Весь вокзал, от моста до перрона, был украшен растрепанными венками, гудящими на свежем ветру флагами и фонариками, складывающимися в вензеля государя, государыни и цесаревича. Прямо на камнях разложены богатые ковры. А вдоль них, вдоль всех дорог и дорожек, на каждом пустыре и, казалось, вообще на каждом свободном пятачке земли стояли наряженные в пух и прах вельможи. Блестящее шитьем и позументом гвардейское оцепление совершенно терялось в этом сорокином раю.
А за полверсты до единственного в столице вокзала, не имеющего прилегающей площади, начиналась вызывающая усмешку узнавания – привет из двадцать первого века – гигантская пробка. Тысячи разномастных экипажей. Сани, кареты, фаэтоны, дормезы и даже ландо, "припаркованные" где попало, полностью перекрывали движение. Поначалу, пока влиятельные господа со своими спутницами еще только начали съезжаться к украшенному огромным витражным окном вокзалу, городовые как-то пытались регулировать этот поток. Потом же, когда до прихода поезда оставалось все меньше времени, а статус прибывающих вельмож рос, возницы и вовсе перестали обращать внимание на багровых от постоянных криков полицейских.
Я пришел пешком. Оставил Артемку с экипажем возле казарм Измайловского полка и спокойно, лишь изредка отворачивая лицо от пронизывающего, дующего со стороны моря ветра, прогулялся до Обводного канала. И, кстати, хоть и не задумывался об этом, – поступил весьма мудро. Во всяком случае, избежал ссор и обид за "парковочное" место. Сколько раз слышал потом, спустя много лет, как кто-то из власть имущих гнобит какого-то несчастного за то, что тот не уступил тогда, на Варшавском, карето-место.
Ну их всех в пим дырявый. Мне доброжелателей и без этих никчемных препирательств хватает. Один неудачно спасенный великий князь чего стоит! Никогда не забуду, как я, не в силах больше выдерживать давление, неуклюже откланялся и, будто ядро из пушки, вылетел из Аничкова дворца. Как стоял там, у изящных привратных башенок, поджидая Артемку с каретой, молча ругая себя последними словами. И как сначала увидел закаменевшие лица конвойных солдат, а потом и торопливо шагающего ко мне гиганта – великого князя Александра. И – о ужас! В его руках были позабытые в спешке мои саквояж и туба с картами. Я готов был на месте провалиться. Уж на Сашу-то я обиды не держал.

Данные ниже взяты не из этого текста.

(* Let $\mathcal{P}$ be a poset and $S\subseteq\mathcal{P}$ a finitely presented convex set. Then $\min S$ and $\operatorname{cover}S$ are finite, and $S=\uparrow\min S\setminus\uparrow\operatorname{cover}S$.
   Context: Fix a field $\mathbb{k}$. $\uparrow X=\{p:\exists x\in X,x\le p\}$; $\operatorname{cover}X=\min(\uparrow X\setminus X)$. $S$ is convex if $s\le p\le s'$ with $s,s'\in S$ implies $p\in S$. $\mathbb{k}_S$ is the indicator representation ($\mathbb{k}$ on $S$, $0$ elsewhere, identity maps within $S$). $S$ is finitely presented if $\mathbb{k}_S$ is the cokernel of a morphism between finite direct sums of representations $\mathbb{k}_{\uparrow\{p\}}$, $p\in\mathcal{P}$. *)

theory Defs
  imports Main
begin

(* Posets are types of class order; the poset P is UNIV :: 'p set. *)

definition up_set :: "'p::order set \<Rightarrow> 'p set" where
  "up_set X = {p. \<exists>x\<in>X. x \<le> p}"

definition minimal_set :: "'p::order set \<Rightarrow> 'p set" where
  "minimal_set X = {s\<in>X. \<forall>t\<in>X. t \<le> s \<longrightarrow> t = s}"

definition cover_set :: "'p::order set \<Rightarrow> 'p set" where
  "cover_set X = minimal_set (up_set X - X)"

definition convex_set :: "'p::order set \<Rightarrow> bool" where
  "convex_set S \<longleftrightarrow> (\<forall>s\<in>S. \<forall>s'\<in>S. \<forall>p. s \<le> p \<and> p \<le> s' \<longrightarrow> p \<in> S)"

(* The finite direct sum  \<Oplus>_{i<n} k_{\<up>{p i}}  evaluated at the point x:
   realised as the k-vectors (nat \<Rightarrow> 'k) supported on {i < n. p i \<le> x};
   its structure maps (x \<le> y) are the inclusions. *)
definition free_at :: "(nat \<Rightarrow> 'p::order) \<Rightarrow> nat \<Rightarrow> 'p \<Rightarrow> (nat \<Rightarrow> 'k::field) set" where
  "free_at p n x = {v. \<forall>i. v i \<noteq> 0 \<longrightarrow> i < n \<and> p i \<le> x}"

definition linear_on :: "(nat \<Rightarrow> 'k::field) set \<Rightarrow> ((nat \<Rightarrow> 'k) \<Rightarrow> 'b) \<Rightarrow> ('b \<Rightarrow> 'b \<Rightarrow> 'b) \<Rightarrow> ('k \<Rightarrow> 'b \<Rightarrow> 'b) \<Rightarrow> bool" where
  "linear_on V g ad sc \<longleftrightarrow>
     (\<forall>u\<in>V. \<forall>v\<in>V. g (\<lambda>i. u i + v i) = ad (g u) (g v)) \<and>
     (\<forall>u\<in>V. \<forall>c. g (\<lambda>i. c * u i) = sc c (g u))"

(* A morphism of representations  \<Oplus>_{j<m} k_{\<up>{q j}} \<rightarrow> \<Oplus>_{i<n} k_{\<up>{p i}}:
   a family of linear maps f x, natural w.r.t. the structure maps (inclusions). *)
definition free_morphism ::
  "(nat \<Rightarrow> 'p::order) \<Rightarrow> nat \<Rightarrow> (nat \<Rightarrow> 'p) \<Rightarrow> nat \<Rightarrow> ('p \<Rightarrow> (nat \<Rightarrow> 'k::field) \<Rightarrow> (nat \<Rightarrow> 'k)) \<Rightarrow> bool" where
  "free_morphism q m p n f \<longleftrightarrow>
     (\<forall>x. (\<forall>v\<in>free_at q m x. f x v \<in> free_at p n x) \<and>
          linear_on (free_at q m x) (f x) (\<lambda>w w' i. w i + w' i) (\<lambda>c w i. c * w i)) \<and>
     (\<forall>x y v. x \<le> y \<longrightarrow> v \<in> free_at q m x \<longrightarrow> f y v = f x v)"

(* Structure map k_S(x \<le> y) of the indicator representation k_S (k on S, 0 elsewhere). *)
definition ind_map :: "'p set \<Rightarrow> 'p \<Rightarrow> 'p \<Rightarrow> 'k::field \<Rightarrow> 'k" where
  "ind_map S x y c = (if x \<in> S \<and> y \<in> S then c else 0)"

(* k_S is the cokernel of f : \<Oplus>_{j<m} k_{\<up>{q j}} \<rightarrow> \<Oplus>_{i<n} k_{\<up>{p i}}:
   there is a morphism \<psi> from the codomain to k_S which is pointwise surjective
   and whose pointwise kernel is the pointwise image of f
   (i.e. F \<rightarrow> G \<rightarrow> k_S \<rightarrow> 0 is exact, so coker f \<cong> k_S). *)
definition cokernel_is_indicator ::
  "(nat \<Rightarrow> 'p::order) \<Rightarrow> nat \<Rightarrow> (nat \<Rightarrow> 'p) \<Rightarrow> nat \<Rightarrow> ('p \<Rightarrow> (nat \<Rightarrow> 'k::field) \<Rightarrow> (nat \<Rightarrow> 'k)) \<Rightarrow> 'p set \<Rightarrow> bool" where
  "cokernel_is_indicator q m p n f S \<longleftrightarrow>
     (\<exists>\<psi> :: 'p \<Rightarrow> (nat \<Rightarrow> 'k) \<Rightarrow> 'k.
        (\<forall>x. linear_on (free_at p n x) (\<psi> x) (+) (*)) \<and>
        (\<forall>x. x \<notin> S \<longrightarrow> (\<forall>v\<in>free_at p n x. \<psi> x v = 0)) \<and>
        (\<forall>x y v. x \<le> y \<longrightarrow> v \<in> free_at p n x \<longrightarrow> \<psi> y v = ind_map S x y (\<psi> x v)) \<and>
        (\<forall>x. x \<in> S \<longrightarrow> (\<forall>c. \<exists>v\<in>free_at p n x. \<psi> x v = c)) \<and>
        (\<forall>x. {v\<in>free_at p n x. \<psi> x v = 0} = f x ` free_at q m x))"

definition finitely_presented :: "'k::field itself \<Rightarrow> 'p::order set \<Rightarrow> bool" where
  "finitely_presented _ S \<longleftrightarrow>
     (\<exists>(q :: nat \<Rightarrow> 'p) m (p :: nat \<Rightarrow> 'p) n (f :: 'p \<Rightarrow> (nat \<Rightarrow> 'k) \<Rightarrow> (nat \<Rightarrow> 'k)).
        free_morphism q m p n f \<and> cokernel_is_indicator q m p n f S)"

end

theory Submission
  imports Defs
begin

(* Let \<psi> : G \<rightarrow> k_S be the cokernel map of f : F \<rightarrow> G, with G generated by e_i in degree p_i
   and F by e_j in degree q_j.  For s \<in> S, \<psi>_s is onto k, so some e_i with p_i \<le> s is not
   killed, and naturality of \<psi> into k_S forces p_i \<in> S: the finitely many generators lying
   in S generate S upwards.  Dually, for x \<in> \<up>S - S pick s \<le> x in S and v with \<psi>_s v = 1;
   its image at x lies in ker \<psi>_x = im f_x.  The values of \<psi> at the generators in S glue to
   one functional on G that agrees with \<psi> over S and vanishes over points outside \<up>S, so
   it kills every relation e_j with q_j \<notin> \<up>S - S, but not v: some relation q_j \<le> x lies in
   \<up>S - S.  A finite set generating a set upwards contains its minimal elements, and
   convexity separates S from \<up>(cover S). *)

definition unit_vec :: "nat \<Rightarrow> nat \<Rightarrow> 'k::field" where
  "unit_vec i = (\<lambda>j. if j = i then 1 else 0)"

lemma unit_vec_in_free_at: "i < n \<Longrightarrow> p i \<le> x \<Longrightarrow> unit_vec i \<in> free_at p n x"
  by (auto simp: unit_vec_def free_at_def)

lemma free_at_mono: "x \<le> y \<Longrightarrow> free_at p n x \<subseteq> free_at p n y"
  by (auto simp: free_at_def intro: order_trans)

lemma free_at_support: "u \<in> free_at p n x \<Longrightarrow> u i \<noteq> 0 \<Longrightarrow> i < n \<and> p i \<le> x"
  by (simp add: free_at_def)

– Постойте! – рявкнул второй сын царя так, что стекла в рамах звякнули. – Герман Густавович, постойте!
Из-за парадного фасада дворца медленно выкатывался мой экипаж. На облучке, начхав на хозяев, о чем-то оживленно беседовали Артемка с тем самым конвойным казаком.
– Простите, ваше императорское высочество, – поклонился я, дождавшись, пока брат Никсы дойдет – почти добежит, до меня. – Нехорошо вышло. Не попрощался как подобает. Что обо мне подумает цесаревич!
Лепет, конечно. Причем детский. Но ничего умнее в голову не приходило. Я был ошарашен, раздавлен, предан "милостью" наследника. Тогда, в тот самый момент, я жалел, что полез выправлять Историю. Этот, младший, пусть и не настолько умен и образован, как его брат, но, как оказалось, куда честнее. Искреннее. А судя по тому, что не поленился принести мне вещи, так еще и с совестью. Редкие для высшей аристократии качества…
– Это вы простите, Герман. – Александр был по меньшей мере на полторы головы выше меня, так что его легкий поклон мог быть и выражением уважения, и показателем внимания к собеседнику. – Никса был сейчас совершенно несносен. Затеял этот суд… Понимаете, ему страшно. Врачи сказали, если бы не ваши письма… Он не верит ни докторам, ни вам. Столько перемен…
– Да-да, я понимаю, – пролепетал я, чтобы не молчать. Это было бы невежливо.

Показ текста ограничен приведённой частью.